Pour le groupe, le temps après le déjeuner marque…  le 1er temps d’attente dans les loges… Et, soyons francs, le temps entre la fin du déjeuner et les balances… est long ! On le tue comme on peut, on sort des grattes d’exos pour se détendre les mains et réviser ses gammes… On joue aux cartes starwars, on refait le monde, on se repose…

Les balances du festival, ça décoiffe :

Vers 16h, John, Sylvain et l’ensemble des roadies sonnent le rassemblement, c’est l’heure de « balancer » … Rapha démarre par le réglage de sa batterie, puis la basse de Jamie arrive. Viennent ensuite les 2 grattes de Yann et Fred, puis Muss vient poser sa voix… Autant dire tout de suite que l’impression laissée aux balances est puissante, FAT comme on aime !! Qu’on soit à la console avec Sylvain, au fond de la salle avec Céline au Merch, ou sur scène avec Paulo, Jimmy et John, le son est vraiment « HEAVY ». Quasiment 4 mois après leur dernier show, c’est super prometteur. Jamie est concentré, mais a hâte de rentrer dans le vif du sujet.

Comme d’habitude, les balances finissent par des morceaux en entier, c’est le pied ! Et, parmi ces morceaux, j’entends un morceau plus joué depuis… je ne rêve pas, je ne souffre pas d’hallucination auditive… ils sont bien en train de répéter un « old school » …

Fin des balances, retour en loge… Et là, de 17h15 à 22h30… l’attente est pour le coup très longue… Certains membres vont à l’hôtel se reposer un peu, d’autres restent sur place pour prendre la température de la salle, qui se remplit autour de 19h.

Show must go one, les Mass !

L’un des photographes accrédités pour le show n’est autre que… l’illustre Julien Creeping, que je n’ai pas revu depuis l’été dernier. Je suis ravi de le revoir, on échange shows, photos, fan club, et boulot, puisque Julien a commencé sa journée de la façon la plus énergique qui soit…

La salle se remplit franchement dès l’ouverture des portes, et le groupe « Les 3 Fromages » ouvre le bal. Perso, j’accroche, c’est énergique, c’est efficace, et l’ambiance est assurée par le combo. Un set de 45 minutes qui met l’eau à la bouche et ne demande qu’à être suivi par une prestation encore plus dingue !

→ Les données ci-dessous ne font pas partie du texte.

(* Let $c_0>0$, let $\mu:[c_0,\infty)\to\mathbb{R}$ and $Q:[1,\infty)\to\mathbb{R}_{\ge 0}$ be twice differentiable, increasing and concave. For $B\ge c_0$ and $\omega\in[c_0,B]$ let $Z_B(\omega)=\mu(\omega)+Q(B/\omega)$, let $\Omega^*(B)=\arg\max_{\omega\in[c_0,B]} Z_B(\omega)$, and let $\underline{\omega}(B)=\min\Omega^*(B)$, $\overline{\omega}(B)=\max\Omega^*(B)$. (i) If $N\mapsto N\,Q'(N)$ is non-increasing on $[1,\infty)$, then both $\underline{\omega}(B)$ and $\overline{\omega}(B)$ are non-decreasing functions of $B\in[c_0,\infty)$. (ii) If in addition $N\mapsto N^2 Q'(N)$ is strictly decreasing on $[1,\infty)$, then for every $B\ge c_0$ the set $\Omega^*(B)$ is a singleton $\{\omega^\star(B)\}$, and $B\mapsto\omega^\star(B)$ is non-decreasing.
   Context: Interpretation: $B$ is a total budget, $\omega$ a per-run budget, $\mu(\omega)$ the expected fitness of a single run with budget $\omega$, and $Q(N)$ the expected gain from taking the maximum over $N=B/\omega$ independent runs (continuous relaxation). $\Omega^*(B)$ is nonempty and compact since $Z_B$ is continuous on the compact interval $[c_0,B]$, so its minimum and maximum exist. *)

theory Defs
  imports "HOL-Analysis.Analysis"
begin

definition Zfun :: "(real \<Rightarrow> real) \<Rightarrow> (real \<Rightarrow> real) \<Rightarrow> real \<Rightarrow> real \<Rightarrow> real" where
  "Zfun \<mu> Q B \<omega> = \<mu> \<omega> + Q (B / \<omega>)"

definition Omega_star :: "(real \<Rightarrow> real) \<Rightarrow> (real \<Rightarrow> real) \<Rightarrow> real \<Rightarrow> real \<Rightarrow> real set" where
  "Omega_star \<mu> Q c0 B =
     {\<omega> \<in> {c0..B}. \<forall>\<nu>\<in>{c0..B}. Zfun \<mu> Q B \<nu> \<le> Zfun \<mu> Q B \<omega>}"

text \<open>Smallest and largest maximiser (min / max of the compact set Omega*(B)).\<close>
definition omega_low :: "(real \<Rightarrow> real) \<Rightarrow> (real \<Rightarrow> real) \<Rightarrow> real \<Rightarrow> real \<Rightarrow> real" where
  "omega_low \<mu> Q c0 B = Inf (Omega_star \<mu> Q c0 B)"

definition omega_up :: "(real \<Rightarrow> real) \<Rightarrow> (real \<Rightarrow> real) \<Rightarrow> real \<Rightarrow> real \<Rightarrow> real" where
  "omega_up \<mu> Q c0 B = Sup (Omega_star \<mu> Q c0 B)"

end

theory Submission
  imports Defs
begin

text \<open>
  For \<open>B\<^sub>1 \<le> B\<^sub>2\<close> the gain \<open>Z\<^sub>B\<^sub>2(\<omega>) - Z\<^sub>B\<^sub>1(\<omega>) = Q(B\<^sub>2/\<omega>) - Q(B\<^sub>1/\<omega>)\<close> is
  non-decreasing in \<open>\<omega>\<close>: its derivative is \<open>(N\<^sub>1 Q'(N\<^sub>1) - N\<^sub>2 Q'(N\<^sub>2))/\<omega>\<close> with
  \<open>N\<^sub>i = B\<^sub>i/\<omega>\<close>, which is non-negative because \<open>N Q'(N)\<close> is non-increasing.
  By this increasing-differences property, if \<open>\<omega>\<^sub>1\<close> is optimal for \<open>B\<^sub>1\<close>, \<open>\<omega>\<^sub>2\<close> is
  optimal for \<open>B\<^sub>2\<close> and \<open>\<omega>\<^sub>2 < \<omega>\<^sub>1\<close>, then the two may be exchanged: \<open>\<omega>\<^sub>2\<close> is optimal
  for \<open>B\<^sub>1\<close> and \<open>\<omega>\<^sub>1\<close> for \<open>B\<^sub>2\<close>. Hence the smallest and the largest maximiser move
  up with \<open>B\<close>.
  The derivative of \<open>\<omega> \<mapsto> Q(B/\<omega>)\<close> is \<open>-N\<^sup>2 Q'(N)/B\<close> with \<open>N = B/\<omega>\<close>; if
  \<open>N\<^sup>2 Q'(N)\<close> is strictly decreasing, this map is strictly concave, so \<open>Z\<^sub>B\<close> is
  strictly concave and has a unique maximiser.
\<close>

definition maximisers :: "('a \<Rightarrow> 'b::linorder) \<Rightarrow> 'a set \<Rightarrow> 'a set" where
  "maximisers f S = {x \<in> S. \<forall>y\<in>S. f y \<le> f x}"

lemma maximisers_subset: "maximisers f S \<subseteq> S"
  by (auto simp: maximisers_def)

lemma maximisers_nonempty:
  fixes f :: "'a::topological_space \<Rightarrow> real"
  assumes "compact S" "S \<noteq> {}" "continuous_on S f"
  shows "maximisers f S \<noteq> {}"
  using continuous_attains_sup[OF assms] by (auto simp: maximisers_def)
text \<open>For a simplex \<open>S\<close> let \<open>m\<close> be the finest vertex of \<open>S\<close> in which \<open>1\<close> is not a singleton
  block (the top of \<open>\<Pi>_n\<close> if there is none), and let the pivot of \<open>S\<close> be \<open>m\<close> with \<open>1\<close> split off
  into the block \<open>{1}\<close>. The pivot is comparable with every vertex of \<open>S\<close>, and it is a proper
  partition outside \<open>V\<close>, because splitting off \<open>1\<close> gives the bottom of \<open>\<Pi>_n\<close> only from some
  \<open>v_k\<close> or from a partition that already has the block \<open>{1}\<close>. As the pivot itself has the block
  \<open>{1}\<close>, it depends only on the vertices without that block, so adding or removing it does not
  change it, and matching \<open>S\<close> with \<open>S \<union> {pivot}\<close> is a matching. It is equivariant because
  splitting off \<open>1\<close> commutes with permutations fixing \<open>1\<close>; the only simplex consisting of its
  pivot alone is \<open>{\<alpha>_n}\<close>; and along an alternating path the number of vertices without the block
  \<open>{1}\<close> never drops, while the number of vertices grows when it stays the same, so there are no
  cycles.\<close>

section \<open>Matchings by a key element\<close>

definition element_matching :: "'a set set \<Rightarrow> ('a set \<Rightarrow> 'a) \<Rightarrow> ('a set \<times> 'a set) set" where
  "element_matching X key = {(S, insert (key S) S) | S. S \<in> X \<and> key S \<notin> S}"

lemma element_matching_image:
  assumes "inj h" and "(a, b) \<in> element_matching X key"
    and "\<And>S. S \<in> X \<Longrightarrow> h ` S \<in> X" and "\<And>S. S \<in> X \<Longrightarrow> key (h ` S) = h (key S)"
  shows "(h ` a, h ` b) \<in> element_matching X key"
proof -
  from assms(2) have a: "a \<in> X" "key a \<notin> a" "b = insert (key a) a"
    unfolding element_matching_def by auto
  then have "h (key a) \<notin> h ` a"
    using \<open>inj h\<close> by (simp add: inj_image_mem_iff)
  with a assms(3,4) show ?thesis
    unfolding element_matching_def by auto
qed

Et là… pas de mal ! La première grosse affiche de la soirée arrive 20 minutes après. « No one is Innocent », c’est vraiment redoutable en live ! C’est du rock bien énervé, engagé, et franchement bien en place. Le show démarre direct par Djihad, Deep in Vegas et un Nomenklatura d’anthologie qui me ramène direct à mes 1ers souvenirs d’ado qui découvrait le rock et le métal au… collège ! S’ensuivent pêle-mêle Silencio, La peau, Drug, 20 ans, Johnny Rotten… ça déménage, le public répond archi présent par des slams, des headbangs… Le groupe finit son set par CHARLIE, pour ne jamais oublier la tragédie vécue par les dessinateurs de Charlie Hebdo. Fin du show : 1h de sueur comme se plait à le rappeler KEMAR, frontman du groupe (qui ne s’est pas privé de slamer et de sauter partout lui aussi !) mais qui prend la peine de serrer des mains et d’embrasser les plus jeunes, se laissant photographier avec plaisir avec les enfants (la relève !)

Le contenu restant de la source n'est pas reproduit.